**** DATA PROVIDED

lemma tau_hi_le_tau_lo:
  assumes "0 < t" "0 < x1" "x1 < x2"
  shows "tau_hi ub rhob x2 t \<le> tau_lo ub rhob x1 t"
  using Gmin_attained(1)[OF \<open>0 < t\<close>] assms Gargmin_antimono[OF assms]
  unfolding tau_lo_def tau_hi_def by (intro cInf_greatest cSup_least) auto

lemma Fmin_Gmin_gap:
  assumes "0 < t" "0 < x1" "x1 < x2"
    and "y \<in> Fargmin u0 rho0 x1 t" "\<tau> \<in> Gargmin ub rhob x2 t"
  shows "Fmin u0 rho0 x2 t - Gmin ub rhob x2 t
      + (x2 - x1) * ((LINT \<eta>:{0..y}|lborel. rho0 \<eta>) + (LINT \<eta>:{0..\<tau>}|lborel. rhob \<eta> * ub \<eta>))
    \<le> Fmin u0 rho0 x1 t - Gmin ub rhob x1 t"
proof -
  have "Fmin u0 rho0 x2 t \<le> Fyxt u0 rho0 y x2 t"
    using assms by (intro Fmin_attained(3)) (auto simp: Fargmin_def)
  also have "\<dots> = Fmin u0 rho0 x1 t - (x2 - x1) * (LINT \<eta>:{0..y}|lborel. rho0 \<eta>)"
    using assms(4) by (simp add: Fyxt_shift[of y x2 t x1] Fargmin_def)
  finally have F: "Fmin u0 rho0 x2 t + (x2 - x1) * (LINT \<eta>:{0..y}|lborel. rho0 \<eta>) \<le> Fmin u0 rho0 x1 t"
    by simp
  have "Gmin ub rhob x1 t \<le> Gtxt ub rhob \<tau> x1 t"
    using assms by (intro Gmin_attained(3)) (auto simp: Gargmin_def)
  also have "\<dots> = Gmin ub rhob x2 t - (x2 - x1) * (LINT \<eta>:{0..\<tau>}|lborel. rhob \<eta> * ub \<eta>)"
    using assms(5) Gtxt_shift[of \<tau> x2 t x1] by (simp add: Gargmin_def)
  finally show ?thesis
    using F by (simp add: algebra_simps)
qed

lemma rho0_integral_nonneg: "0 \<le> (LINT \<eta>:{0..y}|lborel. rho0 \<eta>)"
  using data_pos(2) by (intro set_integral_nonneg) (auto intro: less_imp_le)

lemma flux_integral_nonneg: "0 \<le> (LINT \<eta>:{0..\<tau>}|lborel. rhob \<eta> * ub \<eta>)"
  using data_pos(1,3) by (intro set_integral_nonneg) (auto intro: less_imp_le)

lemma Fmin_minus_Gmin_antimono:
  assumes "0 < t" "0 < x1" "x1 < x2"
  shows "Fmin u0 rho0 x2 t - Gmin ub rhob x2 t \<le> Fmin u0 rho0 x1 t - Gmin ub rhob x1 t"
proof -
  obtain y where "y \<in> Fargmin u0 rho0 x1 t"
    using Fmin_attained(1)[of t x1] assms by auto
  moreover obtain \<tau> where "\<tau> \<in> Gargmin ub rhob x2 t"
    using Gmin_attained(1)[of t x2] assms by auto
  ultimately have "Fmin u0 rho0 x2 t - Gmin ub rhob x2 t
      + (x2 - x1) * ((LINT \<eta>:{0..y}|lborel. rho0 \<eta>) + (LINT \<eta>:{0..\<tau>}|lborel. rhob \<eta> * ub \<eta>))
    \<le> Fmin u0 rho0 x1 t - Gmin ub rhob x1 t"
    using assms by (rule Fmin_Gmin_gap[rotated 3])
  moreover have "0 \<le> (x2 - x1) * ((LINT \<eta>:{0..y}|lborel. rho0 \<eta>) + (LINT \<eta>:{0..\<tau>}|lborel. rhob \<eta> * ub \<eta>))"
    using assms rho0_integral_nonneg flux_integral_nonneg by simp
  ultimately show ?thesis
    by linarith
qed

********

## REQUIREMENT
Return all of the material exactly as written, from the first line through the last.

## WORKED SOLUTION
lemma tau_hi_le_tau_lo:
  assumes "0 < t" "0 < x1" "x1 < x2"
  shows "tau_hi ub rhob x2 t \<le> tau_lo ub rhob x1 t"
  using Gmin_attained(1)[OF \<open>0 < t\<close>] assms Gargmin_antimono[OF assms]
  unfolding tau_lo_def tau_hi_def by (intro cInf_greatest cSup_least) auto

lemma Fmin_Gmin_gap:
  assumes "0 < t" "0 < x1" "x1 < x2"
    and "y \<in> Fargmin u0 rho0 x1 t" "\<tau> \<in> Gargmin ub rhob x2 t"
  shows "Fmin u0 rho0 x2 t - Gmin ub rhob x2 t
      + (x2 - x1) * ((LINT \<eta>:{0..y}|lborel. rho0 \<eta>) + (LINT \<eta>:{0..\<tau>}|lborel. rhob \<eta> * ub \<eta>))
    \<le> Fmin u0 rho0 x1 t - Gmin ub rhob x1 t"
proof -
  have "Fmin u0 rho0 x2 t \<le> Fyxt u0 rho0 y x2 t"
    using assms by (intro Fmin_attained(3)) (auto simp: Fargmin_def)
  also have "\<dots> = Fmin u0 rho0 x1 t - (x2 - x1) * (LINT \<eta>:{0..y}|lborel. rho0 \<eta>)"
    using assms(4) by (simp add: Fyxt_shift[of y x2 t x1] Fargmin_def)
  finally have F: "Fmin u0 rho0 x2 t + (x2 - x1) * (LINT \<eta>:{0..y}|lborel. rho0 \<eta>) \<le> Fmin u0 rho0 x1 t"
    by simp
  have "Gmin ub rhob x1 t \<le> Gtxt ub rhob \<tau> x1 t"
    using assms by (intro Gmin_attained(3)) (auto simp: Gargmin_def)
  also have "\<dots> = Gmin ub rhob x2 t - (x2 - x1) * (LINT \<eta>:{0..\<tau>}|lborel. rhob \<eta> * ub \<eta>)"
    using assms(5) Gtxt_shift[of \<tau> x2 t x1] by (simp add: Gargmin_def)
  finally show ?thesis
    using F by (simp add: algebra_simps)
qed

lemma rho0_integral_nonneg: "0 \<le> (LINT \<eta>:{0..y}|lborel. rho0 \<eta>)"
  using data_pos(2) by (intro set_integral_nonneg) (auto intro: less_imp_le)

lemma flux_integral_nonneg: "0 \<le> (LINT \<eta>:{0..\<tau>}|lborel. rhob \<eta> * ub \<eta>)"
  using data_pos(1,3) by (intro set_integral_nonneg) (auto intro: less_imp_le)

lemma Fmin_minus_Gmin_antimono:
  assumes "0 < t" "0 < x1" "x1 < x2"
  shows "Fmin u0 rho0 x2 t - Gmin ub rhob x2 t \<le> Fmin u0 rho0 x1 t - Gmin ub rhob x1 t"
proof -
  obtain y where "y \<in> Fargmin u0 rho0 x1 t"
    using Fmin_attained(1)[of t x1] assms by auto
  moreover obtain \<tau> where "\<tau> \<in> Gargmin ub rhob x2 t"
    using Gmin_attained(1)[of t x2] assms by auto
  ultimately have "Fmin u0 rho0 x2 t - Gmin ub rhob x2 t
      + (x2 - x1) * ((LINT \<eta>:{0..y}|lborel. rho0 \<eta>) + (LINT \<eta>:{0..\<tau>}|lborel. rhob \<eta> * ub \<eta>))
    \<le> Fmin u0 rho0 x1 t - Gmin ub rhob x1 t"
    using assms by (rule Fmin_Gmin_gap[rotated 3])
  moreover have "0 \<le> (x2 - x1) * ((LINT \<eta>:{0..y}|lborel. rho0 \<eta>) + (LINT \<eta>:{0..\<tau>}|lborel. rhob \<eta> * ub \<eta>))"
    using assms rho0_integral_nonneg flux_integral_nonneg by simp
  ultimately show ?thesis
    by linarith
qed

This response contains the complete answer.